Boards Need Strategic Goals to Add Value

View from the Board Chair

By Fred DuVal    //    Volume 32,  Number 1   //    January/February 2024

“There just isn’t enough board time.” How often have we all heard that? After all, the agenda of necessary and compelling board topics only seems to grow.

Then there is the annual year-end review when we wonder, “Where did our time go?” and “Did we accomplish our goals?”

And that begs the question: Do we actually have goals?

Asking Ourselves the Right Strategic Questions

As governing boards, we spend an enormous time assessing presidential and institutional performance and not enough time doing board self-assessment. It is worth asking, “Is the way we spend our time in alignment with what we seek to accomplish?”
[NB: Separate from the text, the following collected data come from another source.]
lemma comm_class_swap_last: "i + 2 \<le> j \<or> j + 2 \<le> i \<Longrightarrow> c @ [j, i] \<in> comm_class (c @ [i, j])"
proof -
  assume "i + 2 \<le> j \<or> j + 2 \<le> i"
  then have "comm_step (c @ [i, j]) (c @ [j, i])"
    unfolding comm_step_def by (intro exI[of _ c] exI[of _ i] exI[of _ j] exI[of _ "[]"]) auto
  then show ?thesis by (auto simp: comm_class_def)
qed

lemma comm_step_invariants:
  assumes "comm_step a b" and "reduced n a"
  shows "reduced n b \<and> act b (id_perm n) = act a (id_perm n)
     \<and> sup_set (act a (id_perm n)) b = sup_set (act a (id_perm n)) a"
proof -
  obtain xs i j ys where ab: "a = xs @ [i, j] @ ys" "b = xs @ [j, i] @ ys"
    and ij: "i + 2 \<le> j \<or> j + 2 \<le> i"
    using assms(1) unfolding comm_step_def by blast
  have va: "valid_word n a" using assms(2) by (simp add: reduced_def)
  then have vb: "valid_word n b" using ab by auto
  have iv: "1 \<le> i" "i < n" "1 \<le> j" "j < n" using va ab by auto
  define u where "u = act xs (id_perm n)"
  have lu: "length u = n" by (simp add: u_def)
  have du: "distinct u" unfolding u_def using va ab by (subst distinct_act) auto
  have sc: "swap_adj i (swap_adj j u) = swap_adj j (swap_adj i u)"
    using swap_adj_commute[of i u j] iv ij lu by auto
  have act_eq: "act b (id_perm n) = act a (id_perm n)" using ab sc by (simp add: u_def)
  have rb: "reduced n b" using assms(2) vb act_eq ab by (simp add: reduced_iff_inv_count)
  define S1 where "S1 = {u ! (i - 1), u ! i}"
  define S2 where "S2 = {u ! (j - 1), u ! j}"
  define B where "B = transposed_pairs ys (act [i, j] u)"
  define A where "A = transposed_pairs xs (id_perm n)"
  have "swap_adj i u ! (j - 1) = u ! (j - 1)" "swap_adj i u ! j = u ! j"
    "swap_adj j u ! (i - 1) = u ! (i - 1)" "swap_adj j u ! i = u ! i"
    using iv ij lu by (auto simp: nth_swap_adj)
  then have La: "transposed_pairs a (id_perm n) = A @ S1 # S2 # B"
    and "transposed_pairs b (id_perm n) = A @ S2 # S1 # B"
    using ab sc by (simp_all add: u_def[symmetric] S1_def S2_def B_def A_def)
  then have Lb: "transposed_pairs b (id_perm n) = swap_adj (Suc (length A)) (transposed_pairs a (id_perm n))"
    unfolding La by (simp add: swap_adj_append)
  have "S1 \<inter> S2 = {}"
    unfolding S1_def S2_def using du lu iv ij by (auto simp: nth_eq_iff_index_eq)
  then have "{{z, y}, {y, x}} \<noteq> {S1, S2}" for x y z :: nat
    by (auto simp: doubleton_eq_iff)
  moreover have "1 \<le> Suc (length A)" "Suc (length A) < length (transposed_pairs a (id_perm n))"
    "transposed_pairs a (id_perm n) ! (Suc (length A) - 1) = S1"
    "transposed_pairs a (id_perm n) ! Suc (length A) = S2"
    unfolding La by (auto simp: nth_append)
  ultimately have "precedes (transposed_pairs b (id_perm n)) {z, y} {y, x}
      = precedes (transposed_pairs a (id_perm n)) {z, y} {y, x}" for x y z
    unfolding Lb using precedes_swap_adj[of "Suc (length A)" "transposed_pairs a (id_perm n)"] by simp
  then have "sup_set (act a (id_perm n)) b = sup_set (act a (id_perm n)) a"
    unfolding sup_set_eq[OF assms(2)] sup_set_eq[OF rb, unfolded act_eq] by simp
  then show ?thesis using rb act_eq by simp
qed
In Arizona, the Board of Regents was established in the 1910 state constitution when there was one university and 27 students. Today, the same board size of 10 individuals governs three independent and very different universities—the University of Arizona (UArizona), Arizona State University (ASU), and Northern Arizona University (NAU)–with a combined student population of more than 220,000. We also govern their three foundations, two medical schools, and a myriad of P3s and strategic partnerships.
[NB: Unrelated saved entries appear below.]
(* Let $n\geq 1$ and let $C$ be an all-ones CRC in $G_n$ with covering radius $\rho\geq 2$, $c_1=1$ and $c_2=2$. Then there is a CRC $D$ in $H(2n,2)$ with the same parameter matrix such that $C=\{x\in\mathbb{Z}^n:(\tau(x_1\bmod 4),\ldots,\tau(x_n\bmod 4))\in D\}$.
   Context: $G_n$: vertex set $\mathbb{Z}^n$, $x\sim y$ iff $\sum_i|x_i-y_i|=1$. $H(2n,2)$: binary Hamming graph on $\{0,1\}^{2n}$. For a code $C$ with covering radius $\rho$, $C_i=\{v:d(v,C)=i\}$; $C$ is a CRC if for all $i,j$ every vertex of $C_i$ has the same number $\alpha_{ij}$ of neighbours in $C_j$, with $\alpha_{ij}=0$ for $|i-j|>1$; $a_i=\alpha_{ii}$, $c_i=\alpha_{i,i-1}$; parameter matrix $(\alpha_{ij})$. $C$ is all-ones if $a_i=1$ for all $i$. $\tau$ is the Gray map $\tau(0)=(00),\tau(1)=(10),\tau(2)=(11),\tau(3)=(01)$, applied coordinatewise and concatenated. *)

theory Defs
  imports Main
begin

definition edges :: "'a set \<Rightarrow> ('a \<Rightarrow> 'a \<Rightarrow> bool) \<Rightarrow> ('a \<times> 'a) set" where
  "edges V adj = {(x, y). x \<in> V \<and> y \<in> V \<and> adj x y}"

definition dist_code :: "'a set \<Rightarrow> ('a \<Rightarrow> 'a \<Rightarrow> bool) \<Rightarrow> 'a set \<Rightarrow> 'a \<Rightarrow> nat" where
  "dist_code V adj C v = (LEAST k. \<exists>c\<in>C. (v, c) \<in> edges V adj ^^ k)"

definition is_CRC :: "'a set \<Rightarrow> ('a \<Rightarrow> 'a \<Rightarrow> bool) \<Rightarrow> 'a set \<Rightarrow> nat \<Rightarrow> (nat \<Rightarrow> nat \<Rightarrow> nat) \<Rightarrow> bool" where
  "is_CRC V adj C rho alpha \<longleftrightarrow>
     C \<subseteq> V \<and> C \<noteq> {} \<and>
     (\<forall>v\<in>V. \<exists>k. \<exists>c\<in>C. (v, c) \<in> edges V adj ^^ k) \<and>
     (\<forall>v\<in>V. dist_code V adj C v \<le> rho) \<and>
     (\<exists>v\<in>V. dist_code V adj C v = rho) \<and>
     (\<forall>i\<le>rho. \<forall>j\<le>rho. \<forall>v\<in>V. dist_code V adj C v = i \<longrightarrow>
        card {w\<in>V. adj v w \<and> dist_code V adj C w = j} = alpha i j) \<and>
     (\<forall>i\<le>rho. \<forall>j\<le>rho. (i + 1 < j \<or> j + 1 < i) \<longrightarrow> alpha i j = 0)"

(* all-ones: a_i = alpha i i = 1 for all i *)
definition all_ones :: "nat \<Rightarrow> (nat \<Rightarrow> nat \<Rightarrow> nat) \<Rightarrow> bool" where
  "all_ones rho alpha \<longleftrightarrow> (\<forall>i\<le>rho. alpha i i = 1)"

definition Gn_V :: "nat \<Rightarrow> int list set" where
  "Gn_V n = {x. length x = n}"

definition Gn_adj :: "int list \<Rightarrow> int list \<Rightarrow> bool" where
  "Gn_adj x y \<longleftrightarrow> length x = length y \<and> (\<Sum>i<length x. \<bar>x ! i - y ! i\<bar>) = 1"

definition H_V :: "nat \<Rightarrow> bool list set" where
  "H_V m = {x. length x = m}"

definition H_adj :: "bool list \<Rightarrow> bool list \<Rightarrow> bool" where
  "H_adj x y \<longleftrightarrow> length x = length y \<and> card {i. i < length x \<and> x ! i \<noteq> y ! i} = 1"

(* Gray map on Z_4, with 0 = False, 1 = True *)
definition gray :: "int \<Rightarrow> bool list" where
  "gray a = (if a = 0 then [False, False] else if a = 1 then [True, False]
             else if a = 2 then [True, True] else [False, True])"

definition tau :: "int list \<Rightarrow> bool list" where
  "tau x = concat (map (\<lambda>a. gray (a mod 4)) x)"

end

theory Submission
  imports Defs
begin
The growth of our board agendas reflected this increasing size and complexity. We would spend our 24 days of annual board time hearing reports and rubber-stamping an ever-expanding array of initiatives and programs. The board meeting books often exceeded 400 pages.

We were effectively monitoring our universities, selecting and accessing presidents, managing controversies, and playing endless defense in the public square. We were reacting to events and the institutional presidents’ decisions.

But were we optimizing our leadership role? No.

So we stopped and did a reset. We first asked: What do we want to accomplish? And what is the state of Arizona expecting of us?

That produced some answers and helped us identify several key initiatives.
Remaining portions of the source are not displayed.